Data records below:

text \<open>The per-coordinate bounds are contractions of B against one near-optimal tuple w,
  so their Euclidean norm is controlled by L2_set_contraction_le_opnorm.\<close>
lemma hplus_norm_opnorm_le:
  assumes T_nonneg: "\<And>\<iota>. \<iota> \<in> PiE {..<k} (\<lambda>_. {..<n}) \<Longrightarrow> 0 \<le> T x \<iota>"
    and B_nonneg: "\<And>\<iota>. 0 \<le> B \<iota>"
    and incr: "\<And>i \<iota>. i < n \<Longrightarrow> \<iota> \<in> PiE {..<k} (\<lambda>_. {..<n}) \<Longrightarrow>
      AE y in M i. T x \<iota> - T (x(i := y)) \<iota> \<le> B (\<iota>(k := i))"
  shows "hplus_norm M n (\<lambda>z. opnorm n k (T z)) x \<le> opnorm n (Suc k) B"
proof (rule field_le_epsilon)
  fix e0 :: real assume "0 < e0"
  define e where "e = e0 / (sqrt n + 1)"
  have "0 < sqrt n + 1" by (simp add: add_nonneg_pos)
  then have e: "0 < e" "sqrt n * e \<le> e0"
    using \<open>0 < e0\<close> by (simp_all add: e_def divide_le_eq)
  obtain v where v: "v \<in> unit_tuples n k" "opnorm n k (T x) - e < tensor_form n k v (T x)"
    using tensor_form_approx_opnorm[OF e(1)] by blast
  define w where "w = (\<lambda>j i. \<bar>v j i\<bar>)"
  have w: "w \<in> unit_tuples n k" unfolding w_def by (rule abs_in_unit_tuples[OF v(1)])
  have near_max: "opnorm n k (T x) - e \<le> tensor_form n k w (T x)"
    using v(2) tensor_form_le_tensor_form_abs[of k n "T x" v] T_nonneg unfolding w_def by fastforce
  define c where "c i = tensor_form n k w (\<lambda>\<iota>. B (\<iota>(k := i)))" for i
  have "hplus M i (\<lambda>z. opnorm n k (T z)) x \<le> c i + e" if "i < n" for i
    unfolding c_def
  proof (rule hplus_opnorm_le_contraction[where B=B and T=T and x=x, OF w _ near_max])
    show "AE y in M i. \<forall>\<iota>\<in>PiE {..<k} (\<lambda>_. {..<n}). T x \<iota> - T (x(i := y)) \<iota> \<le> B (\<iota>(k := i))"
      using incr[OF that] by (intro AE_finite_allI) (auto simp: finite_PiE)
  qed (use e B_nonneg in \<open>auto simp: w_def\<close>)
  then have "hplus_norm M n (\<lambda>z. opnorm n k (T z)) x \<le> L2_set (\<lambda>i. c i + e) {..<n}"
    unfolding hplus_norm_def L2_set_def
    by (intro real_sqrt_le_mono sum_mono power_mono) (auto simp: hplus_def Linf_nonneg)
  also have "\<dots> \<le> L2_set c {..<n} + L2_set (\<lambda>_. e) {..<n}"
    by (rule L2_set_triangle_ineq)
  also have "L2_set (\<lambda>_. e) {..<n} = sqrt n * e"
    using e by (simp add: L2_set_def real_sqrt_mult)
  also have "L2_set c {..<n} \<le> opnorm n (Suc k) B"
    unfolding c_def by (rule L2_set_contraction_le_opnorm[OF w])
  finally show "hplus_norm M n (\<lambda>z. opnorm n k (T z)) x \<le> opnorm n (Suc k) B + e0"
    using e by linarith
qed

section \<open>Resampling coordinates of a product measure\<close>

text \<open>A map that keeps the coordinates outside J and draws those in J, independently and with the
  right marginals, from an auxiliary probability space N preserves the product measure.\<close>
lemma distr_PiM_pair_eqI:
  assumes M: "\<And>i. i \<in> I \<Longrightarrow> prob_space (M i)" and N: "prob_space N"
    and \<phi>: "\<phi> \<in> PiM I M \<Otimes>\<^sub>M N \<rightarrow>\<^sub>M PiM I M"
    and preimage: "\<And>K B. finite K \<Longrightarrow> K \<subseteq> I \<Longrightarrow> (\<And>k. k \<in> K \<Longrightarrow> B k \<in> sets (M k)) \<Longrightarrow>
      \<exists>S\<in>sets N. \<phi> -` prod_emb I M K (PiE K B) \<inter> space (PiM I M \<Otimes>\<^sub>M N)
          = prod_emb I M (K - J) (PiE (K - J) B) \<times> S
        \<and> emeasure N S = (\<Prod>k\<in>K \<inter> J. emeasure (M k) (B k))"
  shows "distr (PiM I M \<Otimes>\<^sub>M N) (PiM I M) \<phi> = PiM I M"
proof (rule measure_eqI_PiM_infinite[symmetric])
  interpret N: prob_space N by fact
  interpret P: prob_space "PiM I M" using M by (rule prob_space_PiM)
  show "finite_measure (PiM I M)" using P.prob_space_axioms by (simp add: prob_space_def)
  fix K B assume K: "finite K" "K \<subseteq> I" and B: "\<And>i. i \<in> K \<Longrightarrow> B i \<in> sets (M i)"
  obtain S where S: "S \<in> sets N"
    and pre: "\<phi> -` prod_emb I M K (PiE K B) \<inter> space (PiM I M \<Otimes>\<^sub>M N)
      = prod_emb I M (K - J) (PiE (K - J) B) \<times> S"
    and eS: "emeasure N S = (\<Prod>k\<in>K \<inter> J. emeasure (M k) (B k))"
    using preimage[OF K B] by blast
  have cyl: "prod_emb I M (K - J) (PiE (K - J) B) \<in> sets (PiM I M)"
    using K B by (intro sets_PiM_I) auto
  have "emeasure (distr (PiM I M \<Otimes>\<^sub>M N) (PiM I M) \<phi>) (prod_emb I M K (PiE K B))
      = emeasure (PiM I M \<Otimes>\<^sub>M N) (\<phi> -` prod_emb I M K (PiE K B) \<inter> space (PiM I M \<Otimes>\<^sub>M N))"
    using K B by (intro emeasure_distr \<phi> sets_PiM_I) auto
  also have "\<dots> = (\<Prod>k\<in>K - J. emeasure (M k) (B k)) * (\<Prod>k\<in>K \<inter> J. emeasure (M k) (B k))"
    unfolding pre N.emeasure_pair_measure_Times[OF cyl S] eS
    using K B by (subst emeasure_PiM_emb[OF M]) auto
  also have "\<dots> = (\<Prod>k\<in>(K - J) \<union> (K \<inter> J). emeasure (M k) (B k))"
    using K by (intro prod.union_disjoint[symmetric]) auto
  also have "\<dots> = (\<Prod>k\<in>K. emeasure (M k) (B k))"
    by (simp add: Un_Diff_Int)
  also have "\<dots> = emeasure (PiM I M) (prod_emb I M K (PiE K B))"
    using K B by (intro emeasure_PiM_emb[symmetric] M) auto
  finally show "emeasure (PiM I M) (prod_emb I M K (PiE K B))
      = emeasure (distr (PiM I M \<Otimes>\<^sub>M N) (PiM I M) \<phi>) (prod_emb I M K (PiE K B))" ..
qed simp_all

locale indep_coords =
  fixes M :: "nat \<Rightarrow> 'a measure" and n :: nat
  assumes prob_space_M: "\<And>i. i < n \<Longrightarrow> prob_space (M i)"
begin

abbreviation P :: "(nat \<Rightarrow> 'a) measure" where
  "P \<equiv> PiM {..<n} M"

text \<open>Q J is the joint law of the pairs (X_j, X'_j), j \<in> J.\<close>
abbreviation Q :: "nat set \<Rightarrow> (nat \<Rightarrow> 'a \<times> 'a) measure" where
  "Q J \<equiv> PiM J (\<lambda>j. M j \<Otimes>\<^sub>M M j)"

lemma prob_space_P: "prob_space P"
  by (intro prob_space_PiM prob_space_M) simp

lemma prob_space_Q: "J \<subseteq> {..<n} \<Longrightarrow> prob_space (Q J)"
  by (intro prob_space_PiM prob_space_pair prob_space_M) auto

lemma pair_sigma_finite_P_M: "i < n \<Longrightarrow> pair_sigma_finite P (M i)"
  by (simp add: pair_sigma_finite_def prob_space_imp_sigma_finite prob_space_P prob_space_M)

lemma pair_sigma_finite_P_Q: "J \<subseteq> {..<n} \<Longrightarrow> pair_sigma_finite P (Q J)"
  by (simp add: pair_sigma_finite_def prob_space_imp_sigma_finite prob_space_P prob_space_Q)

lemma measurable_fun_upd_P: "i < n \<Longrightarrow> (\<lambda>(x, y). x(i := y)) \<in> P \<Otimes>\<^sub>M M i \<rightarrow>\<^sub>M P"
  using measurable_fun_upd[where I="{..<n}" and J="{..<n}" and i=i and M=M
      and f=fst and h=snd and N="P \<Otimes>\<^sub>M M i"]
  by (simp add: case_prod_beta' insert_absorb)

End of Data records.

> [Problem description]: Copy only this part of the entries above: the line with "and n :: nat", the line with "by (intro prob_space_PiM prob_space_pair", and the lines between, all exactly as written.

> [Answer]:
  fixes M :: "nat \<Rightarrow> 'a measure" and n :: nat
  assumes prob_space_M: "\<And>i. i < n \<Longrightarrow> prob_space (M i)"
begin

abbreviation P :: "(nat \<Rightarrow> 'a) measure" where
  "P \<equiv> PiM {..<n} M"

text \<open>Q J is the joint law of the pairs (X_j, X'_j), j \<in> J.\<close>
abbreviation Q :: "nat set \<Rightarrow> (nat \<Rightarrow> 'a \<times> 'a) measure" where
  "Q J \<equiv> PiM J (\<lambda>j. M j \<Otimes>\<^sub>M M j)"

lemma prob_space_P: "prob_space P"
  by (intro prob_space_PiM prob_space_M) simp

lemma prob_space_Q: "J \<subseteq> {..<n} \<Longrightarrow> prob_space (Q J)"
  by (intro prob_space_PiM prob_space_pair prob_space_M) auto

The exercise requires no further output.